Symmetry-enforced double Weyl points, multiband quantum geometry, and singular flat bands of doping-induced states at the Fermi level

TL;DR

This paper demonstrates how doping-induced states at the Fermi level can enforce topological features like double Weyl points and flat bands by symmetry reduction, supported by theoretical models and DFT calculations on various materials.

Contribution

It introduces models showing topological phenomena arising from doping-induced symmetry reduction, linking these to real material calculations.

Findings

Presence of double Weyl points and Chern bands in models

Identification of singular flat bands and Van Hove singularities

Correlation of topological features with specific doped materials

Abstract

Two common difficulties in the design of topological quantum materials are that the desired features lie too far from the Fermi level and are spread over a too-large energy range. Doping-induced states at the Fermi level provide a solution, where nontrivial topological properties are enforced by the doping-reduced symmetry. To show this, we consider a regular placement of dopants in a lattice of space group (SG) 176 ($P6\text{}_3/m$), which reduces the symmetry to SG 143 ($P3$).

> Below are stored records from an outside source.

(* Let $n\ge 3$ and let $D$ be a strongly connected spanning subdigraph of $\overleftrightarrow{C_n}$ having $k\ge 1$ asymmetric arcs. Then $rc^*(D)=n-1$ if $k\le 2$, and $rc^*(D)=n$ if $k\ge 3$. Moreover, if $k\ge 3$, then $rc^*(D)=src^*(D)=n$.
   Context: $\overleftrightarrow{C_n}$ denotes the biorientation of the cycle $C_n$ on $n$ vertices (each edge $uv$ replaced by arcs $uv$ and $vu$). An arc $uv$ of a digraph $D$ is asymmetric if $vu\notin A(D)$. For a strongly connected digraph $D$ and an arc-colouring $\Gamma:A(D)\to\{1,\dots,k\}$, a directed path is rainbow if its arcs have pairwise distinct colours. $\Gamma$ is rainbow connected if for every ordered pair of distinct vertices $x,y$ there is a rainbow directed $xy$-path; $rc^*(D)$ is the minimum $k$ admitting such a colouring. $\Gamma$ is strongly rainbow connected if for every ordered pair of distinct vertices $x,y$ there is a rainbow directed $xy$-path of length $d_D(x,y)$; $src^*(D)$ is the minimum such $k$. *)

theory Defs
  imports Main
begin

definition bicycle_arcs :: "nat \<Rightarrow> (nat \<times> nat) set" where
  "bicycle_arcs n = {(i, Suc i mod n) | i. i < n} \<union> {(Suc i mod n, i) | i. i < n}"

definition asym_arcs :: "('a \<times> 'a) set \<Rightarrow> ('a \<times> 'a) set" where
  "asym_arcs A = {(u, v). (u, v) \<in> A \<and> (v, u) \<notin> A}"

definition dpath :: "('a \<times> 'a) set \<Rightarrow> 'a list \<Rightarrow> 'a \<Rightarrow> 'a \<Rightarrow> bool" where
  "dpath A p x y \<longleftrightarrow> p \<noteq> [] \<and> hd p = x \<and> last p = y \<and> distinct p \<and>
     (\<forall>i < length p - 1. (p ! i, p ! Suc i) \<in> A)"

definition path_arcs :: "'a list \<Rightarrow> ('a \<times> 'a) list" where
  "path_arcs p = zip p (tl p)"

definition plen :: "'a list \<Rightarrow> nat" where
  "plen p = length p - 1"

definition rainbow :: "('a \<times> 'a \<Rightarrow> nat) \<Rightarrow> 'a list \<Rightarrow> bool" where
  "rainbow c p \<longleftrightarrow> distinct (map c (path_arcs p))"

definition strongly_connected :: "'a set \<Rightarrow> ('a \<times> 'a) set \<Rightarrow> bool" where
  "strongly_connected V A \<longleftrightarrow> A \<subseteq> V \<times> V \<and>
     (\<forall>x\<in>V. \<forall>y\<in>V. x \<noteq> y \<longrightarrow> (\<exists>p. dpath A p x y))"

definition ddist :: "('a \<times> 'a) set \<Rightarrow> 'a \<Rightarrow> 'a \<Rightarrow> nat" where
  "ddist A x y = (LEAST l. \<exists>p. dpath A p x y \<and> plen p = l)"

definition arc_colouring :: "('a \<times> 'a) set \<Rightarrow> ('a \<times> 'a \<Rightarrow> nat) \<Rightarrow> nat \<Rightarrow> bool" where
  "arc_colouring A c k \<longleftrightarrow> (\<forall>e\<in>A. c e \<in> {1..k})"

definition rainbow_connected :: "'a set \<Rightarrow> ('a \<times> 'a) set \<Rightarrow> ('a \<times> 'a \<Rightarrow> nat) \<Rightarrow> nat \<Rightarrow> bool" where
  "rainbow_connected V A c k \<longleftrightarrow> arc_colouring A c k \<and>
     (\<forall>x\<in>V. \<forall>y\<in>V. x \<noteq> y \<longrightarrow> (\<exists>p. dpath A p x y \<and> rainbow c p))"

definition strongly_rainbow_connected :: "'a set \<Rightarrow> ('a \<times> 'a) set \<Rightarrow> ('a \<times> 'a \<Rightarrow> nat) \<Rightarrow> nat \<Rightarrow> bool" where
  "strongly_rainbow_connected V A c k \<longleftrightarrow> arc_colouring A c k \<and>
     (\<forall>x\<in>V. \<forall>y\<in>V. x \<noteq> y \<longrightarrow>
        (\<exists>p. dpath A p x y \<and> plen p = ddist A x y \<and> rainbow c p))"

definition rc :: "'a set \<Rightarrow> ('a \<times> 'a) set \<Rightarrow> nat" where
  "rc V A = (LEAST k. \<exists>c. rainbow_connected V A c k)"

definition src :: "'a set \<Rightarrow> ('a \<times> 'a) set \<Rightarrow> nat" where
  "src V A = (LEAST k. \<exists>c. strongly_rainbow_connected V A c k)"

end

theory Submission
  imports Defs
begin

text \<open>If \<open>(t, t + s)\<close> is an asymmetric arc (\<open>s = \<plusminus>1\<close>), the only path from \<open>t + s\<close> to \<open>t\<close>
  runs once round the cycle in direction \<open>s\<close>. Hence all arcs \<open>(w, w + s)\<close> are present, every
  asymmetric arc points in direction \<open>s\<close>, and a rainbow colouring gives the arcs \<open>(w, w + s)\<close>,
  \<open>w \<noteq> t\<close>, distinct colours: \<open>rc \<ge> n - 1\<close>, and \<open>rc \<ge> n\<close> once three such \<open>t\<close> exist.
  Conversely, giving both arcs of the \<open>w\<close>-th edge of the cycle colour \<open>w\<close> makes every path
  rainbow, so \<open>src \<le> n\<close>. If all asymmetric arcs start at \<open>ta\<close> or \<open>tb\<close>, the edges at \<open>ta\<close> and
  \<open>tb\<close> may even share a colour: the path from \<open>x\<close> to \<open>y\<close> in direction \<open>s\<close> is rainbow unless it
  uses both of them, and then the path in direction \<open>-s\<close> avoids both and uses only symmetric
  edges.\<close>

lemma path_arcs_nth: "i < length p - 1 \<Longrightarrow> path_arcs p ! i = (p ! i, p ! Suc i)"
  unfolding path_arcs_def by (simp add: nth_tl)

lemma length_path_arcs: "length (path_arcs p) = length p - 1"
  unfolding path_arcs_def by simp

lemma path_arcs_map_upt: "path_arcs (map f [0..<Suc d]) = map (\<lambda>i. (f i, f (Suc i))) [0..<d]"
  by (rule nth_equalityI) (simp_all add: length_path_arcs path_arcs_nth del: upt_Suc)

lemma dpath_arcs_subset: "dpath A p x y \<Longrightarrow> set (path_arcs p) \<subseteq> A"
  unfolding dpath_def by (auto simp: in_set_conv_nth length_path_arcs path_arcs_nth)

lemma dpath_map_upt:
  assumes "inj_on f {0..<Suc d}" "\<And>i. i < d \<Longrightarrow> (f i, f (Suc i)) \<in> A"
  shows "dpath A (map f [0..<Suc d]) (f 0) (f d)"
  unfolding dpath_def using assms by (auto simp: distinct_map last_map hd_map simp del: upt_Suc)

lemma rainbow_comp_iff:
  "rainbow (h \<circ> f) p \<longleftrightarrow> distinct (map f (path_arcs p)) \<and> inj_on h (f ` set (path_arcs p))"
  unfolding rainbow_def by (simp add: distinct_map flip: map_map)

lemma rainbow_connected_dpath:
  "\<lbrakk>rainbow_connected V A c k; x \<in> V; y \<in> V; x \<noteq> y\<rbrakk> \<Longrightarrow> \<exists>p. dpath A p x y \<and> rainbow c p"
  unfolding rainbow_connected_def by blast

lemma rainbow_connected_colour_range:
  "\<lbrakk>rainbow_connected V A c k; e \<in> A\<rbrakk> \<Longrightarrow> c e \<in> {1..k}"
  unfolding rainbow_connected_def arc_colouring_def by blast

lemma strongly_connected_dpath:
  "\<lbrakk>strongly_connected V A; x \<in> V; y \<in> V; x \<noteq> y\<rbrakk> \<Longrightarrow> \<exists>p. dpath A p x y"
  unfolding strongly_connected_def by blast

Our two- and four-band models feature double Weyl points, Chern bands, Van Hove singularities, nontrivial multiband quantum geometry due to mixed orbital character, and singular flat bands. We relate these features to density-functional theory (DFT) calculations for dopant and vacancy bands of lead apatite Pb$_{10}($PO$_4)_6$O and Pb$_{10}($PO$_4)_6($OH$)_2$, the van der Waals ferromagnet Cr$_2$Ge$_2$Te$_6$, the semiconductor SiC, and the 2D dichalcogenide MoS$_2$.